Public Humanities & Sequential Art

Welcome! My name is Iván Gonzalez-Soto, and I’m a PhD student with the Interdisciplinary Humanities Graduate Group at the University of California, Merced. On this page, you’ll find my recent efforts to communicate humanities research through sequential art. My first community-engaged research project was a comic book about drinking water issues in California’s Central Valley. It’s titled “Thirsty for Change,” and it’s based in a fictional town to represent a prevalent issue amongst rural communities of color in the state. Most importantly, it was published as an open access document through the UC’s eScholarship—you can find it here. My next creative project is a graphic novel adaptation of my dissertation on a twentieth-century social history of southernmost California’s Imperial Valley. I plan to finish that project when I graduate in Spring 2024.

Thirsty for Change:

Based in a fictional town in rural California, “Thirsty for Change'” explores themes in environmental justice and the right to clean water. This bilingual comic book introduces concepts in water governance and illustrates the possibility of systemic change to water management through community empowerment. Resources from the nonprofit organization, Community Water Center, are included within.

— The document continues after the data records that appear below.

lemma proper_edge_closed_compl:
  assumes "simple_graph_on n E" "proper_edge_closed n E A"
  shows "proper_edge_closed n E ({..<n} - A)"
  using assms edge_closed_compl unfolding proper_edge_closed_def edge_closed_def by blast

lemma card_compl_edge_closed:
  assumes "edge_closed n E A"
  shows "card ({..<n} - A) = n - card A"
  using assms unfolding edge_closed_def
  by (metis card_Diff_subset card_lessThan finite_lessThan finite_subset)

lemma nth_less_card_edge_closed:
  assumes r: "realizes E d" and A: "edge_closed (length d) E A" and x: "x \<in> A"
  shows "d ! x < card A"
proof -
  have "finite A" using A unfolding edge_closed_def by (meson finite_lessThan finite_subset)
  have "{v. v < length d \<and> E x v} \<subseteq> A - {x}"
    using r A x unfolding realizes_def edge_closed_def simple_graph_on_def by auto
  hence "degree (length d) E x \<le> card (A - {x})"
    unfolding degree_def using \<open>finite A\<close> by (simp add: card_mono)
  also have "\<dots> < card A" using \<open>finite A\<close> x by (meson card_Diff1_less)
  finally show ?thesis using r A x unfolding realizes_def edge_closed_def by auto
qed

lemma connected_graph_iff_no_proper_edge_closed:
  assumes "simple_graph_on n E"
  shows "connected_graph n E \<longleftrightarrow> \<not> (\<exists>A. proper_edge_closed n E A)"
proof
  assume c: "connected_graph n E"
  show "\<not> (\<exists>A. proper_edge_closed n E A)"
  proof
    assume "\<exists>A. proper_edge_closed n E A"
    then obtain A a b where A: "proper_edge_closed n E A" and a: "a \<in> A" and b: "b < n" "b \<notin> A"
      unfolding proper_edge_closed_def edge_closed_def by blast
    have "a < n" using A a unfolding proper_edge_closed_def edge_closed_def by blast
    hence "(a, b) \<in> {(a, b). a < n \<and> b < n \<and> E a b}\<^sup>*"
      using c b unfolding connected_graph_def by blast
    hence "b \<in> A"
    proof (induction rule: rtrancl_induct)
      case base then show ?case using a by simp
    next
      case (step y z) then show ?case
        using A unfolding proper_edge_closed_def edge_closed_def by blast
    qed
    thus False using b by blast
  qed
next
  assume nc: "\<not> (\<exists>A. proper_edge_closed n E A)"
  show "connected_graph n E"
    unfolding connected_graph_def
  proof (intro allI impI)
    fix u v assume u: "u < n" and v: "v < n"
    let ?R = "{(a, b). a < n \<and> b < n \<and> E a b}"
    define A where "A = {w. w < n \<and> (u, w) \<in> ?R\<^sup>*}"
    have "edge_closed n E A"
      using assms unfolding edge_closed_def A_def simple_graph_on_def
      by (auto intro: rtrancl_into_rtrancl)
    moreover have "u \<in> A" using u unfolding A_def by simp
    ultimately have "A = {..<n}" using nc unfolding proper_edge_closed_def by blast
    thus "(u, v) \<in> ?R\<^sup>*" using v unfolding A_def by blast
  qed
qed

lemma disconnected_realizable_iff:
  "disconnected_realizable d \<longleftrightarrow> (\<exists>E A. realizes E d \<and> proper_edge_closed (length d) E A)"
  using connected_graph_iff_no_proper_edge_closed
  unfolding disconnected_realizable_def realizes_def by blast

lemma forcibly_connected_iff:
  assumes "graphical_degree_sequence d"
  shows "forcibly_connected d \<longleftrightarrow> \<not> disconnected_realizable d"
  using assms unfolding forcibly_connected_def disconnected_realizable_def by blast

section \<open>Rearranging, concatenating and restricting realizations\<close>

lemma realizes_relabel:
  assumes r: "realizes E ys" and p: "p permutes {..<length ys}"
  shows "realizes (\<lambda>u v. E (p u) (p v)) (permute_list p ys)"
    and "proper_edge_closed (length ys) E A \<Longrightarrow>
           proper_edge_closed (length ys) (\<lambda>u v. E (p u) (p v)) {u. u < length ys \<and> p u \<in> A}"
proof -
  define n where "n = length ys"
  define E' where "E' = (\<lambda>u v. E (p u) (p v))"
  have pin: "p u < n \<longleftrightarrow> u < n" for u
    using p unfolding n_def by (metis lessThan_iff permutes_not_in permutes_in_image)
  have injp: "inj p" using p permutes_inj by blast
  have surjp: "\<exists>u. w = p u" for w using p permutes_surj by (metis surj_def)
  have sg: "simple_graph_on n E" using r unfolding realizes_def n_def by blast
  have sg': "simple_graph_on n E'"
    using sg pin unfolding simple_graph_on_def E'_def by (metis injp injD)
  have "degree n E' u = degree n E (p u)" for u
  proof -
    have "p ` {v. v < n \<and> E' u v} = {w. w < n \<and> E (p u) w}"
    proof (rule set_eqI, rule iffI)
      fix w assume w: "w \<in> {w. w < n \<and> E (p u) w}"
      obtain v where "w = p v" using surjp by blast
      then show "w \<in> p ` {v. v < n \<and> E' u v}" using w pin unfolding E'_def by auto
    qed (use pin in \<open>auto simp: E'_def\<close>)
    moreover have "inj_on p {v. v < n \<and> E' u v}" using inj_on_subset[OF injp subset_UNIV] .
    ultimately show ?thesis unfolding degree_def by (metis card_image)
  qed
  then show "realizes E' (permute_list p ys)"
    using sg' r pin p unfolding realizes_def n_def by (simp add: permute_list_nth)
  assume A: "proper_edge_closed n E A"
  have cl: "edge_closed n E' {u. u < n \<and> p u \<in> A}"
    using A sg' unfolding proper_edge_closed_def edge_closed_def E'_def simple_graph_on_def by blast
  obtain a b where "a \<in> A" "b < n" "b \<notin> A"
    using A unfolding proper_edge_closed_def edge_closed_def by blast
  moreover obtain a' b' where "a = p a'" "b = p b'" using surjp by blast
  moreover have "a < n" using A \<open>a \<in> A\<close> unfolding proper_edge_closed_def edge_closed_def by blast
  ultimately have "a' \<in> {u. u < n \<and> p u \<in> A}" "b' \<in> {..<n} - {u. u < n \<and> p u \<in> A}"
    using pin by auto
  then show "proper_edge_closed n E' {u. u < n \<and> p u \<in> A}"
    using cl unfolding proper_edge_closed_def by blast
qed

lemma realizes_mset_eq:
  assumes r: "realizes E ys" and m: "mset xs = mset ys"
  obtains E' where "realizes E' xs"
    and "\<And>A. proper_edge_closed (length ys) E A \<Longrightarrow> \<exists>A'. proper_edge_closed (length xs) E' A'"
proof -
  obtain p where p: "p permutes {..<length ys}" "permute_list p ys = xs"
    using mset_eq_permutation[OF m] by blast
  have "length xs = length ys" using m by (metis size_mset)
  then show thesis
    using that[of "\<lambda>u v. E (p u) (p v)"] realizes_relabel[OF r p(1)] p(2) by auto
qed

lemma graphical_iff_realizable: "graphical xs \<longleftrightarrow> (\<exists>E. realizes E xs)"
proof
  assume "graphical xs"
  then obtain E where "realizes E (rev (sort xs))"
    unfolding graphical_def graphical_degree_sequence_def by blast
  then show "\<exists>E. realizes E xs" by (rule realizes_mset_eq) auto
next
  assume "\<exists>E. realizes E xs"
  then obtain E E' where "realizes E xs" "realizes E' (rev (sort xs))"
    using realizes_mset_eq[of _ xs "rev (sort xs)"] by (metis mset_rev mset_sort)
  moreover have "nonincreasing (rev (sort xs))"
    unfolding nonincreasing_def by (simp add: sorted_wrt_rev)
  ultimately show "graphical xs"
    unfolding graphical_def graphical_degree_sequence_def by blast
qed

lemma disconnected_realizable_mset_eq:
  assumes "disconnected_realizable ys" "mset xs = mset ys"
  shows "disconnected_realizable xs"
proof -
  obtain E A where "realizes E ys" "proper_edge_closed (length ys) E A"
    using assms(1) unfolding disconnected_realizable_iff by blast
  then show ?thesis
    using realizes_mset_eq[OF _ assms(2)] unfolding disconnected_realizable_iff by metis
qed

lemma even_sum_list_if_realizes:
  assumes r: "realizes E d"
  shows "even (sum_list d)"
proof -
  define n where "n = length d"
  have sg: "simple_graph_on n E" using r unfolding realizes_def n_def by blast
  define P where "P = Sigma {..<n} (\<lambda>u. {v. v < n \<and> E u v})"
  define L where "L = {p \<in> P. fst p < snd p}"
  have "sum_list d = (\<Sum>i<n. card {v. v < n \<and> E i v})"
    using r unfolding realizes_def degree_def n_def
    by (simp add: sum_list_sum_nth atLeast0LessThan)
  also have "\<dots> = card P" unfolding P_def by (simp add: card_SigmaI)
  also have "P = L \<union> prod.swap ` L"
    using sg unfolding P_def L_def simple_graph_on_def by (auto simp: image_iff) (metis nat_neq_iff)
  also have "card \<dots> = card L + card (prod.swap ` L)"
    by (rule card_Un_disjoint) (auto simp: L_def P_def)
  also have "card (prod.swap ` L) = card L" by (simp add: card_image)
  finally show ?thesis by simp
qed

lemma even_sum_list_if_graphical: "graphical xs \<Longrightarrow> even (sum_list xs)"
  using graphical_iff_realizable even_sum_list_if_realizes by blast

lemma disconnected_realizable_append:
  assumes r1: "realizes E1 xs" and r2: "realizes E2 ys" and "xs \<noteq> []" "ys \<noteq> []"
  shows "disconnected_realizable (xs @ ys)"
proof -
  define a where "a = length xs"
  define b where "b = length ys"
  define E where "E = (\<lambda>u v. (u < a \<and> v < a \<and> E1 u v) \<or> (a \<le> u \<and> a \<le> v \<and> E2 (u - a) (v - a)))"
  have s1: "simple_graph_on a E1" using r1 unfolding realizes_def a_def by blast
  have s2: "simple_graph_on b E2" using r2 unfolding realizes_def b_def by blast
  have sg: "simple_graph_on (a + b) E"
    using s1 s2 unfolding simple_graph_on_def E_def by fastforce
  have deg1: "degree (a + b) E u = xs ! u" if "u < a" for u
  proof -
    have "{v. v < a + b \<and> E u v} = {v. v < a \<and> E1 u v}"
      using that s1 unfolding E_def simple_graph_on_def by auto
    thus ?thesis using r1 that unfolding realizes_def degree_def a_def by simp
  qed
  have deg2: "degree (a + b) E u = ys ! (u - a)" if "a \<le> u" "u < a + b" for u
  proof -
    have "{v. v < a + b \<and> E u v} = (\<lambda>w. w + a) ` {w. w < b \<and> E2 (u - a) w}"
    proof (rule set_eqI, rule iffI)
      fix v assume "v \<in> {v. v < a + b \<and> E u v}"
      hence "a \<le> v" "v < a + b" "E2 (u - a) (v - a)" using that unfolding E_def by auto
      thus "v \<in> (\<lambda>w. w + a) ` {w. w < b \<and> E2 (u - a) w}"
        by (intro image_eqI[of _ _ "v - a"]) auto
    qed (use that in \<open>auto simp: E_def\<close>)
    hence "degree (a + b) E u = card {w. w < b \<and> E2 (u - a) w}"
      unfolding degree_def by (simp add: card_image)
    thus ?thesis using r2 that unfolding realizes_def degree_def b_def by auto
  qed
  have "realizes E (xs @ ys)"
    unfolding realizes_def using sg deg1 deg2 by (simp add: a_def b_def nth_append)
  moreover have "proper_edge_closed (a + b) E {..<a}"
  proof -
    have "0 < a" "a < a + b" using \<open>xs \<noteq> []\<close> \<open>ys \<noteq> []\<close> unfolding a_def b_def by auto
    then have "0 \<in> {..<a}" "a \<in> {..<a + b} - {..<a}" by auto
    moreover have "edge_closed (a + b) E {..<a}" unfolding edge_closed_def E_def by auto
    ultimately show ?thesis unfolding proper_edge_closed_def by (metis Diff_cancel empty_iff)
  qed
  ultimately show ?thesis unfolding disconnected_realizable_iff a_def b_def by auto
qed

Funded through the Henry Luce Foundation and the Center for the Humanities at the University of California, Merced.

Illustrated by: Jazz Diaz

Samples available through the gallery below.

Download the full version on eScholarship. It’s free.


Graphic rendition of my dissertation:

Dissertation Title: “Water is King—Here is its Kingdom: Race, Labor, and the Environment in the Making of California’s Imperial Valley, 1900-2000”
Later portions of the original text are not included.